» **What to produce**: Report every line in the listing below where the string "matching" shows up.
--- Data listing ---
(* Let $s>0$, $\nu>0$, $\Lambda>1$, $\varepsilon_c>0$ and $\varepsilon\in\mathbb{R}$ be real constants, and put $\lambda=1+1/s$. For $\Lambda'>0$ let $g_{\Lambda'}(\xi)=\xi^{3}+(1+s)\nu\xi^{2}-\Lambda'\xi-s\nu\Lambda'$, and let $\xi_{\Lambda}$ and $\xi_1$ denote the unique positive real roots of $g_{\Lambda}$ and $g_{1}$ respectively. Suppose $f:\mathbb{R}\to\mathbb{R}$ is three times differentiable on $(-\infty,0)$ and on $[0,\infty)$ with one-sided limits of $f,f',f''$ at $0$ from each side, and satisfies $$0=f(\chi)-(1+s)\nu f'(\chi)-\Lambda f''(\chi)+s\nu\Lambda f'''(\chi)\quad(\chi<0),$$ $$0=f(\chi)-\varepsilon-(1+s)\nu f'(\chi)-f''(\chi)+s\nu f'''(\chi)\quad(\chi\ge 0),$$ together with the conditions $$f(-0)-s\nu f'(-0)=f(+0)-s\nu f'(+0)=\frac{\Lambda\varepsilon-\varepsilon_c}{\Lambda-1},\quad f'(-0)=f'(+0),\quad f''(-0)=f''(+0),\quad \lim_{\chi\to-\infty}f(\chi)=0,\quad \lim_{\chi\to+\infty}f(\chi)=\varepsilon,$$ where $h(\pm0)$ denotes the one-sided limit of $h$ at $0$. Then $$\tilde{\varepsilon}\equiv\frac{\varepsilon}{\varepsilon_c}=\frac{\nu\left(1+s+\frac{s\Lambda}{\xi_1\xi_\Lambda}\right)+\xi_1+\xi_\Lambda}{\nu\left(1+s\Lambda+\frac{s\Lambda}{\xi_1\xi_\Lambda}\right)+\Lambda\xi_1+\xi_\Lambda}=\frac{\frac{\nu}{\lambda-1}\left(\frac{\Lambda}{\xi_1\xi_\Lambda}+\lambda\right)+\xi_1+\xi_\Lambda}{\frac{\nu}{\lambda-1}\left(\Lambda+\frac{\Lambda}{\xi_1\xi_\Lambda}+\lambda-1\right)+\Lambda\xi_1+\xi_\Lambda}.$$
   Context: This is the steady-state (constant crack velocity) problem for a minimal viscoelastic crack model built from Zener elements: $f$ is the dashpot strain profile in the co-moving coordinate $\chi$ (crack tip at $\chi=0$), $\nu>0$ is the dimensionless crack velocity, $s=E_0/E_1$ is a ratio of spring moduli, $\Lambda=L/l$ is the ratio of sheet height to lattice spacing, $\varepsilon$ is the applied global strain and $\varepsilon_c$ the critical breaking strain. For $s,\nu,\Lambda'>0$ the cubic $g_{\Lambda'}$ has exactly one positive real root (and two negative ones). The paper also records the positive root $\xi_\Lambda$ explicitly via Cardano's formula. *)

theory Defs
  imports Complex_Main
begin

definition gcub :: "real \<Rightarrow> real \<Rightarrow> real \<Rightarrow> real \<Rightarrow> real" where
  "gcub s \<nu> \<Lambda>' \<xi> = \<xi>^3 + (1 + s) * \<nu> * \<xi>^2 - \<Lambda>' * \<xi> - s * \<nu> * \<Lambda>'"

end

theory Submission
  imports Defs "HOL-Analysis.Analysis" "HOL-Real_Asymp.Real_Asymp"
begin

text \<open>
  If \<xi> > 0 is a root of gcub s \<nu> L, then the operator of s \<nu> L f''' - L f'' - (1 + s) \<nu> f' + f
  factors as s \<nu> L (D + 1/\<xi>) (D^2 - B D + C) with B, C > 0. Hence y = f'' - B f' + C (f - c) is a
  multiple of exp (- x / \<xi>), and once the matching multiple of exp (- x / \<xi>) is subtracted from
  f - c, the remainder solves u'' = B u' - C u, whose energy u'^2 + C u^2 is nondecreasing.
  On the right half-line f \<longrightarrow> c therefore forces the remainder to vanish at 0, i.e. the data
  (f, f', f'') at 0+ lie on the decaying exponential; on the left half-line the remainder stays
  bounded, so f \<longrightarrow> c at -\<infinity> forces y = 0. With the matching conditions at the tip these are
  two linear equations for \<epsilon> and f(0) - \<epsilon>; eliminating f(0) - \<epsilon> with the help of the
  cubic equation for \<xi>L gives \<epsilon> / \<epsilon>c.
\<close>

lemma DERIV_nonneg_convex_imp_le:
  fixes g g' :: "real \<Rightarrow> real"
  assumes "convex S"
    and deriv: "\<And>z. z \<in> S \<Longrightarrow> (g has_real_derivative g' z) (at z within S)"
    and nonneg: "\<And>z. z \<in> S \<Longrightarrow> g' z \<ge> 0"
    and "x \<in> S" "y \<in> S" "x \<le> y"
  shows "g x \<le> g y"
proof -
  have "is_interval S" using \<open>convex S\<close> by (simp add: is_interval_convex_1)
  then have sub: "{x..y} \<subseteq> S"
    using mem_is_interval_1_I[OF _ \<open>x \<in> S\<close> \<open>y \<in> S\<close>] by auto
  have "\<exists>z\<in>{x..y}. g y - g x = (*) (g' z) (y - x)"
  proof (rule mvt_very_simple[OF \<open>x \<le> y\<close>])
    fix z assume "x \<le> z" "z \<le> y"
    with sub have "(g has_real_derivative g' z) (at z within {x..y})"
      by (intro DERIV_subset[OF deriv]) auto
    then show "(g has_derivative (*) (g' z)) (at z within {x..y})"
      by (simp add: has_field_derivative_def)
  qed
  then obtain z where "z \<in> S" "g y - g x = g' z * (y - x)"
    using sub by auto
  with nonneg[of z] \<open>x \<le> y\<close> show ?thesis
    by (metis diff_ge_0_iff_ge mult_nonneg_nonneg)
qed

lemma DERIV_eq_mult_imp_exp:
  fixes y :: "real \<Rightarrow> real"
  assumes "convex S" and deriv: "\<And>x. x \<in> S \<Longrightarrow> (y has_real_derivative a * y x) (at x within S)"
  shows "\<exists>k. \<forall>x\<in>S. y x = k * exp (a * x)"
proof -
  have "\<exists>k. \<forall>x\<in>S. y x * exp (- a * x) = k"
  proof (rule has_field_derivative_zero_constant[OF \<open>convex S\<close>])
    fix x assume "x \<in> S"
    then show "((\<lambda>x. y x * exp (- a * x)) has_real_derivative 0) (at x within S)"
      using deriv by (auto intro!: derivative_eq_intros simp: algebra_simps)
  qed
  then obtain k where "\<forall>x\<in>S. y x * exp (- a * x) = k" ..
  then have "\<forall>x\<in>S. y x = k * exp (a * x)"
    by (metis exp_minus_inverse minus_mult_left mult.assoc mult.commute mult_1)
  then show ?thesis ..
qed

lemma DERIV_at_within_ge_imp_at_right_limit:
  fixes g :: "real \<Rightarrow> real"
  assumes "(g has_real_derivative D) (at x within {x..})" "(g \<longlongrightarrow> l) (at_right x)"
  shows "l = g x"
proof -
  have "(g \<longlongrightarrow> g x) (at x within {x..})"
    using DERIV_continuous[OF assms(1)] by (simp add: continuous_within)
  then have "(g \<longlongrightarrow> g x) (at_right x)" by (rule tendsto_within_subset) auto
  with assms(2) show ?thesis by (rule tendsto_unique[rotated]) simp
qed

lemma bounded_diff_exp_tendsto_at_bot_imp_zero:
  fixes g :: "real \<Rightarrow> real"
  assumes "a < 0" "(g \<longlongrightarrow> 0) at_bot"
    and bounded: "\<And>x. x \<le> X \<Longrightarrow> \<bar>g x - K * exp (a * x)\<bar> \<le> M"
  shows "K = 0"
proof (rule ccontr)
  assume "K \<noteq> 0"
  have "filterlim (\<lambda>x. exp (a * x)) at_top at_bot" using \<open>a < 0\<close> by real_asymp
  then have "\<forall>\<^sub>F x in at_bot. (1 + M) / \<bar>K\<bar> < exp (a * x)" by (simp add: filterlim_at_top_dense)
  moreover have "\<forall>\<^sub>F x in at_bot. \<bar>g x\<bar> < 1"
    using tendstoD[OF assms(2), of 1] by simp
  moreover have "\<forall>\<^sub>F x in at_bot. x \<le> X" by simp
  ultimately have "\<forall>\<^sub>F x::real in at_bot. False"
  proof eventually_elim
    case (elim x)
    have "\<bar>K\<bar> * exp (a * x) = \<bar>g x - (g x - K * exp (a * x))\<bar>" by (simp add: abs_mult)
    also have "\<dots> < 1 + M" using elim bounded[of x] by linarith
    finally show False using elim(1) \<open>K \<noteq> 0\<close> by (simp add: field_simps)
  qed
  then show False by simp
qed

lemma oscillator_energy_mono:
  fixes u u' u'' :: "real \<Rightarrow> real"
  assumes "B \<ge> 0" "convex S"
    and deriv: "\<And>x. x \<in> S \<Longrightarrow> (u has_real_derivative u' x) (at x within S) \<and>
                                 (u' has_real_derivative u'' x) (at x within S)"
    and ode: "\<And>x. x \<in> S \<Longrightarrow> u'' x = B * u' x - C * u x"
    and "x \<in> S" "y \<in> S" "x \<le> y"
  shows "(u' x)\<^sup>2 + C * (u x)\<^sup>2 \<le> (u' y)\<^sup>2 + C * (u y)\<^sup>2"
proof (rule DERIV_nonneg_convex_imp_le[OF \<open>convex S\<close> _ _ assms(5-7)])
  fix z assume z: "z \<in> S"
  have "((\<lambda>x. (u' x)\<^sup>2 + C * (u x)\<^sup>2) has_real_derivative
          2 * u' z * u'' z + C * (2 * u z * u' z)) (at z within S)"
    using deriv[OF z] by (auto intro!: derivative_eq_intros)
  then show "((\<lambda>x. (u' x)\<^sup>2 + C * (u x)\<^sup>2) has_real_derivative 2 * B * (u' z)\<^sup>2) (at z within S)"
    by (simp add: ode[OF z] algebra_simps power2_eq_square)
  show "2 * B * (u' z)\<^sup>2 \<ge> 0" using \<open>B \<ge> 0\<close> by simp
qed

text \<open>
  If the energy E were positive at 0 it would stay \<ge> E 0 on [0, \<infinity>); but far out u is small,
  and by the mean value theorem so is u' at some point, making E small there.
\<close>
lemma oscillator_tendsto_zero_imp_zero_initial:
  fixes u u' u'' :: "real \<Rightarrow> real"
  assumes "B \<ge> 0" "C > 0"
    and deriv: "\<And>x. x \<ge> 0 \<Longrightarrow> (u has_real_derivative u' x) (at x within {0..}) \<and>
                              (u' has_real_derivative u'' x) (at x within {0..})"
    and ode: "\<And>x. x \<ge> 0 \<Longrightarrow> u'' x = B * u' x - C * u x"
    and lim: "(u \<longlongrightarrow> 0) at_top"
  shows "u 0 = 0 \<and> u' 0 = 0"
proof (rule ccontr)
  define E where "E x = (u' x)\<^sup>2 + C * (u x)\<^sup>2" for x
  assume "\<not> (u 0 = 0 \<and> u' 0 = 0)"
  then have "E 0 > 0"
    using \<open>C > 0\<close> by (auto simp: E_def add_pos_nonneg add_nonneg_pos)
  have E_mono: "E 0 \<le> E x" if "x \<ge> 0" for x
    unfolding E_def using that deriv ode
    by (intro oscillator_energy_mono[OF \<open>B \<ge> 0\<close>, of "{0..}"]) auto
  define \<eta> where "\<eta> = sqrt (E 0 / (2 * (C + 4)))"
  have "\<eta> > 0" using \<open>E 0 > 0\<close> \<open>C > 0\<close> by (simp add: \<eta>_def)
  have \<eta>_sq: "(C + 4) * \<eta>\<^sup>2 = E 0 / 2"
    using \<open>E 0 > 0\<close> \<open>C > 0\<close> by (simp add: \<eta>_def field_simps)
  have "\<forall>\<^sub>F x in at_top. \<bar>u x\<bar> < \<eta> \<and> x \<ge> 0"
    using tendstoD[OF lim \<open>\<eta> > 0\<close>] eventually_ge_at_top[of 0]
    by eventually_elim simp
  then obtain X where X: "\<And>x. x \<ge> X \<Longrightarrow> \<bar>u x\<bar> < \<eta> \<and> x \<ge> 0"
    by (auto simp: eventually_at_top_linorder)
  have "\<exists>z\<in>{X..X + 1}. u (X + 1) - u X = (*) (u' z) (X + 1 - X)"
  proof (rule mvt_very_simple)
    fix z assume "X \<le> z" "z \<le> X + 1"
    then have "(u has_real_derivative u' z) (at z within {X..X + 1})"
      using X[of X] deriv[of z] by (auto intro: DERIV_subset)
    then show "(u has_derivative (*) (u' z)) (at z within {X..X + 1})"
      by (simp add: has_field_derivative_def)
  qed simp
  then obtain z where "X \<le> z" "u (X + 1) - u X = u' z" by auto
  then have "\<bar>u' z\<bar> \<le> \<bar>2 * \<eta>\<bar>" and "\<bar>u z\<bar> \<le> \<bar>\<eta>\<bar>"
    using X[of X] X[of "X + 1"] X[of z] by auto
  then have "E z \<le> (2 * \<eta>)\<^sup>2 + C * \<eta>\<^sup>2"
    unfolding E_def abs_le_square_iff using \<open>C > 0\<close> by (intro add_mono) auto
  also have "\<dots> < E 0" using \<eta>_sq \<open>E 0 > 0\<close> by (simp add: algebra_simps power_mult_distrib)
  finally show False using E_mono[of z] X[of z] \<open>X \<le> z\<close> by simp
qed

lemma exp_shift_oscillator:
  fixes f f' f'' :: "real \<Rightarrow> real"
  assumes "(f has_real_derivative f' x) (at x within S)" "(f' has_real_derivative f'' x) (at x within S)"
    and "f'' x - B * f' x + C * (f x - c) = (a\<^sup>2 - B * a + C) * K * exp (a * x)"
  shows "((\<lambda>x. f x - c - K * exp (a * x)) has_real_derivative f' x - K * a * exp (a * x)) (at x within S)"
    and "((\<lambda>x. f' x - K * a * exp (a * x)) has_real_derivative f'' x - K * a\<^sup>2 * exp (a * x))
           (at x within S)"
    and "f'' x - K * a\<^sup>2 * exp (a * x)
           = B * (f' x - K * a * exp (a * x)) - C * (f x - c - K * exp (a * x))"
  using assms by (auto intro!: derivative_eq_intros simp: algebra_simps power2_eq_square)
---
» **Answer section**:
  multiple of exp (- x / \<xi>), and once the matching multiple of exp (- x / \<xi>) is subtracted from
  bounded, so f \<longrightarrow> c at -\<infinity> forces y = 0. With the matching conditions at the tip these are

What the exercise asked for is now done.